Recently, I have taken no pleasure in telling people that I am an SFU student. The source of my newfound shame stems entirely from the university’s union busting and poor labour relations with the Teaching Support Staff Union (TSSU).

In April 2014, the collective agreement between the TSSU and the university expired. Considering SFU prides itself on becoming Canada’s leading “engaged university,” I had no reason to believe that negotiations would be delayed and that the union would have to wait so long without an agreement. Sadly, negotiations were, and the union is still waiting. For over a year now, the university has dismissed the union and their core issues.

It’s extraordinarily hypocritical to ask students to “engage” in research, their community, and real issues when the university continuously neglects the needs of union employees by ignoring their pleas, and withholding a contract from them.

Simon Fraser University, the school I have cheered for and called my own, now leaves me feeling ashamed.

Andrew Petter, our current president, served as Minister of Advanced Education from 1998 to 2000 here in BC. During that time, he provided leadership and direction to post-secondary institutions, but that experience has yet to be put to use at SFU, since he seems to have been MIA amid this 15 month-long conflict between the university and the union. Our president should know better than anyone else that SFU students are bright and attentive, and that they would notice if he shied away from a leadership role in the current conflict.

SFU, the school I have cheered for and called my own, now leaves me feeling ashamed.

So Mr. Petter, this message is for you: I want you to know that as an SFU student, I’ve noticed. I’ve noticed you’ve let SFU slip in its rank as a reputable institution. I’ve noticed you don’t respect unions and the bargaining process, and that you haven’t engaged with the TSSU to provide the leadership all presidents should when their employees are unhappy and their students inconvenienced.

The TSSU, which does the majority of face-time teaching, deserves a fair and timely negotiation process. As TSSU chair Derek Sahota says, the negotiation team representing the university is from an administrative background, and they don’t understand the problems faced by TAs and sessional instructors in the classrooms and lecture halls, dismissing them as not being real ‘issues.’

If job security, protection from underpay and overwork, expanding opportunities for current Grad students, and guaranteeing union members the basic protections of BC law for health and safety training and wage payment aren’t considered ‘issues’ or don’t merit more conversation, then I don’t know what does.
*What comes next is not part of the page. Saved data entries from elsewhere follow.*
(* Let $\mathcal{A}$ be an abelian category. (1) Let $M$ be a weak duo object of $\mathcal{A}$ having SSIP, and let $(N_i)_{i\in I}$ be a family of objects of $\mathcal{A}$ having a product. Then $\prod_{i\in I} N_i$ is strongly $M$-Rickart if and only if $N_i$ is strongly $M$-Rickart for every $i\in I$. (2) Let $(M_i)_{i\in I}$ be a family of objects of $\mathcal{A}$ having a coproduct, and let $N$ be a weak duo object of $\mathcal{A}$ having SSSP. Then $N$ is dual strongly $\bigoplus_{i\in I} M_i$-Rickart if and only if $N$ is dual strongly $M_i$-Rickart for every $i\in I$.
   Context: An object $M$ has the strong summand intersection property (SSIP) if the intersection of any family of direct summands of $M$ is a direct summand of $M$; it has the strong summand sum property (SSSP) if the sum of any family of direct summands of $M$ is a direct summand of $M$. A morphism $f:X\to Y$ is a section if $f'f=1_X$ for some $f'$, a retraction if $ff'=1_Y$ for some $f'$. A monomorphism $k:K\to X$ is fully invariant if for every $h:X\to X$ there is $\alpha:K\to K$ with $hk=k\alpha$; an epimorphism $c:X\to C$ is fully coinvariant if for every $h:X\to X$ there is $\gamma:C\to C$ with $ch=\gamma c$. An object is weak duo if every section into it is fully invariant (equivalently every retraction from it is fully coinvariant). $N$ is strongly $M$-Rickart if the kernel of every morphism $f:M\to N$ is a fully invariant section; $N$ is dual strongly $M$-Rickart if the cokernel of every morphism $f:M\to N$ is a fully coinvariant retraction (equivalently its image is a fully invariant section of $N$). *)

theory Defs
  imports Main
begin

record ('o, 'm) category =
  Obj :: "'o set"
  Arr :: "'m set"
  Dom :: "'m \<Rightarrow> 'o"
  Cod :: "'m \<Rightarrow> 'o"
  cmp :: "'m \<Rightarrow> 'm \<Rightarrow> 'm"   (* cmp C g f = g \<circ> f *)
  idm :: "'o \<Rightarrow> 'm"
(* Let $A=\mathrm{Circ}(a_0,\dots,a_{n-1})\neq 0$, and let $p_1>p_2>\dots>p_s$ be all the indices in $\{1,\dots,n-1\}$ with $a_{p_1}=\dots=a_{p_s}=\lambda(A)$ (possibly $s=0$). Then: (i) the critical digraph $\mathcal{C}(A)$ consists of $m=\gcd(n,p_1,\dots,p_s)$ isomorphic strongly connected components, and for $i\in\{1,\dots,m\}$ the node set of the $i$-th component is $\{i,i+m,\dots,i+(n/m-1)m\}$; (ii) $\mathrm{per}(A)$, which equals the cyclicity of each of these components, is $1$ if $a_0=\lambda(A)$, and if $a_0\neq\lambda(A)$ then $$\mathrm{per}(A)=\gcd\Big(\tfrac{n}{\gcd(n,p_1)},\tfrac{p_1-p_2}{\gcd(p_1,p_2)},\tfrac{p_1-p_3}{\gcd(p_1,p_3)},\dots,\tfrac{p_1-p_s}{\gcd(p_1,p_s)}\Big)$$ $$=\gcd\Big(\tfrac{n}{\gcd(n,p_1)},\tfrac{p_1-p_2}{\gcd(p_1,p_2)},\tfrac{p_2-p_3}{\gcd(p_2,p_3)},\dots,\tfrac{p_{s-1}-p_s}{\gcd(p_{s-1},p_s)}\Big)$$ $$=\gcd\Big(\tfrac{n}{\gcd(n,p_1)},\tfrac{p_1-p_2}{\gcd(n,p_1,p_2)},\tfrac{p_1-p_3}{\gcd(n,p_1,p_2,p_3)},\dots,\tfrac{p_1-p_s}{\gcd(n,p_1,\dots,p_s)}\Big).$$
   Context: Max algebra on $\mathbb{R}_+$ with $a\oplus b=\max(a,b)$ and ordinary product; $A^t$ is the max-algebraic power. $A=\mathrm{Circ}(a_0,\dots,a_{n-1})$ means $A_{i,j}=a_t$ with $t\in\{0,\dots,n-1\}$, $t\equiv j-i\pmod n$. The digraph $\mathcal{G}(A)$ has nodes $\{1,\dots,n\}$ and edges $(i,j)$ with $A_{i,j}\neq0$, weight $A_{i,j}$; a cycle's mean is the geometric mean of its edge weights; $\lambda(A)$ is the maximum cycle geometric mean (= largest max-algebraic eigenvalue). The critical digraph $\mathcal{C}(A)$ consists of all nodes and edges of the cycles of $\mathcal{G}(A)$ attaining mean $\lambda(A)$. The cyclicity of a strongly connected digraph is the gcd of its cycle lengths; of a digraph that is a disjoint union of strongly connected components with no walks between components, it is the lcm of the components' cyclicities. For $\lambda(A)\ne0$, $\mathrm{per}(A)$ is the ultimate period of the sequence $\{(A/\lambda(A))^t\}_{t\ge1}$, i.e. the least $\sigma$ such that $(A/\lambda(A))^{t+\sigma}=(A/\lambda(A))^t$ for all sufficiently large $t$. *)

theory Defs
  imports Complex_Main
begin

text \<open>Square matrices over the nonnegative reals of size n are functions
  nat \<Rightarrow> nat \<Rightarrow> real; only indices in {1..n} are relevant.\<close>

definition circ :: "nat \<Rightarrow> (nat \<Rightarrow> real) \<Rightarrow> nat \<Rightarrow> nat \<Rightarrow> real" where
  "circ n a i j = a ((j + n - i) mod n)"

fun mpow :: "nat \<Rightarrow> (nat \<Rightarrow> nat \<Rightarrow> real) \<Rightarrow> nat \<Rightarrow> nat \<Rightarrow> nat \<Rightarrow> real" where
  "mpow n A 0 = (\<lambda>i j. if i = j then 1 else 0)"
| "mpow n A (Suc t) = (\<lambda>i j. Max ((\<lambda>k. mpow n A t i k * A k j) ` {1..n}))"

definition graph_edges :: "nat \<Rightarrow> (nat \<Rightarrow> nat \<Rightarrow> real) \<Rightarrow> (nat \<times> nat) set" where
  "graph_edges n A = {(i, j). i \<in> {1..n} \<and> j \<in> {1..n} \<and> A i j \<noteq> 0}"

definition cycle_in :: "(nat \<times> nat) set \<Rightarrow> nat list \<Rightarrow> bool" where
  "cycle_in E c \<longleftrightarrow> c \<noteq> [] \<and> distinct c \<and>
     (\<forall>k < length c. (c ! k, c ! ((k + 1) mod length c)) \<in> E)"

definition cycle_edges :: "nat list \<Rightarrow> (nat \<times> nat) set" where
  "cycle_edges c = {(c ! k, c ! ((k + 1) mod length c)) | k. k < length c}"

definition cycle_weight :: "(nat \<Rightarrow> nat \<Rightarrow> real) \<Rightarrow> nat list \<Rightarrow> real" where
  "cycle_weight A c = (\<Prod>k < length c. A (c ! k) (c ! ((k + 1) mod length c)))"

definition cycle_mean :: "(nat \<Rightarrow> nat \<Rightarrow> real) \<Rightarrow> nat list \<Rightarrow> real" where
  "cycle_mean A c = root (length c) (cycle_weight A c)"

definition mcm :: "nat \<Rightarrow> (nat \<Rightarrow> nat \<Rightarrow> real) \<Rightarrow> real" where
  "mcm n A = Max (cycle_mean A ` {c. cycle_in (graph_edges n A) c})"

definition critical_cycle :: "nat \<Rightarrow> (nat \<Rightarrow> nat \<Rightarrow> real) \<Rightarrow> nat list \<Rightarrow> bool" where
  "critical_cycle n A c \<longleftrightarrow> cycle_in (graph_edges n A) c \<and> cycle_mean A c = mcm n A"

definition crit_nodes :: "nat \<Rightarrow> (nat \<Rightarrow> nat \<Rightarrow> real) \<Rightarrow> nat set" where
  "crit_nodes n A = (\<Union>c \<in> {c. critical_cycle n A c}. set c)"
Simply put, the university appears to have no real grasp on the core issues the TSSU members have. This is likely the root of many problems in the negotiation room.

When I graduated high school I didn’t just want to earn a degree — I wanted to experience higher learning and attend an institution committed to thoughtful debate, progressive policy, and fostering a community on campus. It was these desires that brought me to SFU in 2012. Now, I wonder if I made a mistake when I assessed how committed SFU was to ensuring such ideals.
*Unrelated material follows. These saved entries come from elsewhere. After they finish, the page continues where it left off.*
lemma extreme_point_RP_unique_off_breakpoint:
  assumes a: "\<forall>i. 0 < a$i \<and> a$i < 1/2" and E: "(x, t) extreme_point_of RP a"
    and off: "x$i \<notin> tent_breakpoints (a$i)" "x$j \<notin> tent_breakpoints (a$j)"
  shows "i = j"
proof (rule ccontr)
  assume "i \<noteq> j"
  have x: "in_box a x" "\<bar>t\<bar> \<le> 1" "\<bar>t\<bar> \<le> height a x"
    using E by (simp_all add: extreme_point_RP_iff mem_RP_iff)
  have box: "a$k - 1/2 \<le> x$k" "x$k \<le> a$k + 1/2" for k
    using x(1) by (simp_all add: in_box_def)
  obtain \<eta>\<^sub>i \<sigma>\<^sub>i where i: "0 < \<eta>\<^sub>i" "\<sigma>\<^sub>i \<noteq> 0" "\<bar>\<sigma>\<^sub>i\<bar> < 1" and lin_i: "\<And>s. \<bar>s\<bar> \<le> \<eta>\<^sub>i \<Longrightarrow>
      a$i - 1/2 \<le> x$i + s \<and> x$i + s \<le> a$i + 1/2 \<and> tent (a$i) (x$i + s) = tent (a$i) (x$i) + \<sigma>\<^sub>i * s"
    using tent_locally_linear[of "a$i" "x$i"] a box off(1) by blast
  obtain \<eta>\<^sub>j \<sigma>\<^sub>j where j: "0 < \<eta>\<^sub>j" "\<sigma>\<^sub>j \<noteq> 0" "\<bar>\<sigma>\<^sub>j\<bar> < 1" and lin_j: "\<And>s. \<bar>s\<bar> \<le> \<eta>\<^sub>j \<Longrightarrow>
      a$j - 1/2 \<le> x$j + s \<and> x$j + s \<le> a$j + 1/2 \<and> tent (a$j) (x$j + s) = tent (a$j) (x$j) + \<sigma>\<^sub>j * s"
    using tent_locally_linear[of "a$j" "x$j"] a box off(2) by blast
  define \<eta> where "\<eta> = min \<eta>\<^sub>i \<eta>\<^sub>j"
  have \<eta>: "0 < \<eta>" "\<eta> \<le> \<eta>\<^sub>i" "\<eta> \<le> \<eta>\<^sub>j"
    using i j by (simp_all add: \<eta>_def)
  \<comment> \<open>moving \<open>x\<^sub>i\<close> by \<open>\<eta> \<sigma>\<^sub>j\<close> and \<open>x\<^sub>j\<close> by \<open>-\<eta> \<sigma>\<^sub>i\<close> leaves the height unchanged\<close>
  have shifted: "(x + axis i (c * \<eta> * \<sigma>\<^sub>j) + axis j (- c * \<eta> * \<sigma>\<^sub>i), t) \<in> RP a"
    if "\<bar>c\<bar> = 1" for c
  proof -
    have "\<bar>c * \<eta> * \<sigma>\<^sub>j\<bar> \<le> \<eta>\<^sub>i" "\<bar>- c * \<eta> * \<sigma>\<^sub>i\<bar> \<le> \<eta>\<^sub>j"
      using abs_sign_mult_le[of c \<sigma>\<^sub>j \<eta>] abs_sign_mult_le[of "- c" \<sigma>\<^sub>i \<eta>] that i(3) j(3) \<eta>
      by simp_all
    note lin = lin_i[OF this(1)] lin_j[OF this(2)]
    have "(x + axis i (c * \<eta> * \<sigma>\<^sub>j))$j = x$j"
      using \<open>i \<noteq> j\<close> by (simp add: axis_def)
    then have "in_box a (x + axis i (c * \<eta> * \<sigma>\<^sub>j) + axis j (- c * \<eta> * \<sigma>\<^sub>i))"
      "height a (x + axis i (c * \<eta> * \<sigma>\<^sub>j) + axis j (- c * \<eta> * \<sigma>\<^sub>i)) = height a x"
      using lin x(1) by (simp_all add: in_box_add_axis height_add_axis)
    then show ?thesis
      using x by (simp add: mem_RP_iff)
  qed
  have minus: "x - (axis i (\<eta> * \<sigma>\<^sub>j) + axis j (- \<eta> * \<sigma>\<^sub>i))
      = x + axis i (- 1 * \<eta> * \<sigma>\<^sub>j) + axis j (- (- 1) * \<eta> * \<sigma>\<^sub>i)"
    by (simp add: vec_eq_iff axis_def)
  have "(x + (axis i (\<eta> * \<sigma>\<^sub>j) + axis j (- \<eta> * \<sigma>\<^sub>i)), t + 0) \<in> RP a"
    "(x - (axis i (\<eta> * \<sigma>\<^sub>j) + axis j (- \<eta> * \<sigma>\<^sub>i)), t - 0) \<in> RP a"
    using shifted[of 1] shifted[of "- 1"] unfolding minus by (simp_all add: add.assoc)
  then have "axis i (\<eta> * \<sigma>\<^sub>j) + axis j (- \<eta> * \<sigma>\<^sub>i) = 0"
    using E unfolding extreme_point_RP_iff by blast
  then have "(axis i (\<eta> * \<sigma>\<^sub>j) + axis j (- \<eta> * \<sigma>\<^sub>i))$i = 0"
    by simp
  then have "\<eta> * \<sigma>\<^sub>j = 0"
    using \<open>i \<noteq> j\<close> by (simp add: axis_def)
  with \<eta> j show False
    by simp
qed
The recent bargaining between the university and the union gives me hope for an agreement, but I still see no end in SFU’s blatant disrespect of labour organizations such as the TSSU.

I worry about SFU students, as the strike affects them just as much as it does our hardworking TAs and sessional instructors. I am truly ashamed my university has had such poor relations with the union, and has continued to display a distinct lack of empathy for everyone affected.